Geometric Interpretation of Schwarzschild Instantons

TL;DR

This paper constructs and analyzes non-topological Abelian instantons with finite energy on the Euclidean Schwarzschild manifold, linking them to known SU(2)-instantons and calculating the harmonic space structure.

Contribution

It introduces a new non-topological L^2 harmonic 2-form on the Euclidean Schwarzschild manifold and relates it to existing SU(2)-instantons, expanding understanding of instanton solutions.

Findings

Found a non-topological self-dual L^2 harmonic 2-form on the Euclidean Schwarzschild manifold.

Identified these forms with SU(2)-instantons of Pontryagin number 2n^2.

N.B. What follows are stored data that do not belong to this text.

(* Let $d\in\mathbb{N}$. Then for any integer $k\ge19^{2d-1}+1$ and any support preserving map $F\colon S_{\ell_\infty^k}\to S_{\ell_1^k}$ (not assumed continuous), we have $\omega_F(\tfrac1d)\ge\tfrac12$. In particular, there is no sequence $(F_k\colon S_{\ell_\infty^k}\to S_{\ell_1^k})_{k=1}^\infty$ of equi-uniformly continuous support preserving maps.
   Context: $S_{\ell_p^k}$ is the unit sphere of $(\mathbb{R}^k,\|\cdot\|_p)$. $\mathrm{supp}(x)=\{i:x_i\neq0\}$; $F$ is support preserving if $\mathrm{supp}(F(x))=\mathrm{supp}(x)$ for all $x$. $\omega_F(t)=\sup\{\|F(x)-F(y)\|_1:\|x-y\|_\infty\le t\}$. A sequence $(F_k)$ is equi-uniformly continuous if for every $\varepsilon>0$ there is $\delta>0$ with $\omega_{F_k}(\delta)<\varepsilon$ for all $k$. *)

theory Defs
  imports "HOL-Analysis.Analysis"
begin

text \<open>Vectors of R^k are represented as functions nat => real vanishing outside {0..<k}.\<close>

definition in_Rk :: "nat \<Rightarrow> (nat \<Rightarrow> real) \<Rightarrow> bool" where
  "in_Rk k x \<longleftrightarrow> (\<forall>i\<ge>k. x i = 0)"

definition linf_norm :: "nat \<Rightarrow> (nat \<Rightarrow> real) \<Rightarrow> real" where
  "linf_norm k x = Max (insert 0 ((\<lambda>i. \<bar>x i\<bar>) ` {..<k}))"

definition l1_norm :: "nat \<Rightarrow> (nat \<Rightarrow> real) \<Rightarrow> real" where
  "l1_norm k x = (\<Sum>i<k. \<bar>x i\<bar>)"

definition sphere_linf :: "nat \<Rightarrow> (nat \<Rightarrow> real) set" where
  "sphere_linf k = {x. in_Rk k x \<and> linf_norm k x = 1}"

definition sphere_l1 :: "nat \<Rightarrow> (nat \<Rightarrow> real) set" where
  "sphere_l1 k = {x. in_Rk k x \<and> l1_norm k x = 1}"

definition supp :: "(nat \<Rightarrow> real) \<Rightarrow> nat set" where
  "supp x = {i. x i \<noteq> 0}"

definition support_preserving_map :: "nat \<Rightarrow> ((nat \<Rightarrow> real) \<Rightarrow> (nat \<Rightarrow> real)) \<Rightarrow> bool" where
  "support_preserving_map k F \<longleftrightarrow>
     (\<forall>x\<in>sphere_linf k. F x \<in> sphere_l1 k \<and> supp (F x) = supp x)"

definition modulus :: "nat \<Rightarrow> ((nat \<Rightarrow> real) \<Rightarrow> (nat \<Rightarrow> real)) \<Rightarrow> real \<Rightarrow> real" where
  "modulus k F t = Sup {l1_norm k (F x - F y) | x y.
      x \<in> sphere_linf k \<and> y \<in> sphere_linf k \<and> linf_norm k (x - y) \<le> t}"

end

theory Submission
  imports Defs
begin

text \<open>
  Averaging \<open>\<bar>F\<bar>\<close> over all permutations of the coordinates turns \<open>F\<close> into a
  permutation equivariant field of probability vectors which vanishes off \<open>supp x\<close> and whose
  modulus of continuity is at most that of \<open>F\<close>.  Test it on the staircase vector having
  \<open>4^j\<close> coordinates of height \<open>max (d - j) 1 / d\<close> in layer \<open>j = 0, \<dots>, d\<close>.  By
  equivariance the weights are constant, say \<open>p j\<close>, on layer \<open>j\<close>, so
  \<open>\<Sum>j\<le>d. 4^j p j = 1\<close>.  Moving \<open>4^j\<close> coordinates of layer \<open>j + 1\<close> to layer \<open>j\<close>,
  simultaneously for all \<open>j\<close> of one parity, or deleting the last layer, moves the vector by
  at most \<open>1/d\<close>.  So the weights move by at most \<open>\<omega> = modulus k F (1/d)\<close> in the
  \<open>l\<^sub>1\<close> norm, and at most \<open>\<omega>/2\<close> of mass can change layer.  This gives
  \<open>\<Sum>j<d. 4^j (p j - p (j + 1)) \<le> \<omega>\<close> and \<open>4^d p d \<le> \<omega>/2\<close>, which together with
  the total mass force \<open>\<omega> \<ge> 1/2\<close>.  Only dimension \<open>(d + 1) 4^d \<le> 19^(2d-1) + 1\<close>
  is needed.
\<close>

lemma linf_norm_le:
  assumes "0 \<le> c" "\<And>i. i < k \<Longrightarrow> \<bar>x i\<bar> \<le> c"
  shows "linf_norm k x \<le> c"
  unfolding linf_norm_def using assms by (auto intro!: Max.boundedI)

lemma abs_le_linf_norm: "i < k \<Longrightarrow> \<bar>x i\<bar> \<le> linf_norm k x"
  unfolding linf_norm_def by (intro Max_ge) auto

lemma in_sphere_linfI:
  assumes "in_Rk k x" "\<And>i. i < k \<Longrightarrow> \<bar>x i\<bar> \<le> 1" "i\<^sub>0 < k" "\<bar>x i\<^sub>0\<bar> = 1"
  shows "x \<in> sphere_linf k"
  using assms linf_norm_le[of 1 k x] abs_le_linf_norm[of i\<^sub>0 k x]
  by (force simp: sphere_linf_def)

lemma linf_norm_permute:
  assumes "\<sigma> permutes {..<k}"
  shows "linf_norm k (x \<circ> \<sigma>) = linf_norm k x"
proof -
  have "(\<lambda>i. \<bar>(x \<circ> \<sigma>) i\<bar>) ` {..<k} = (\<lambda>i. \<bar>x i\<bar>) ` (\<sigma> ` {..<k})"
    by (simp add: image_image)
  then show ?thesis by (simp add: linf_norm_def permutes_image[OF assms])
qed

Calculated the full L^2 harmonic space for the manifold.

Abstract

In this note we address the problem of finding Abelian instantons of finite energy on the Euclidean Schwarzschild manifold. This amounts to construct self-dual L^2 harmonic 2-forms on the space. Gibbons found a non-topological L^2 harmonic form in the Taub-NUT metric, leading to Abelian instantons with continuous energy. We imitate his construction in the case of the Euclidean Schwarzschild manifold and find a non-topological self-dual L^2 harmonic 2-form on it. We show how this gives rise to Abelian instantons and identify them with SU(2)-instantons of Pontryagin number 2n^2 found by Charap and Duff in 1977. Using results of Dodziuk and Hitchin we also calculate the full L^2 harmonic space for the Euclidean Schwarzschild manifold.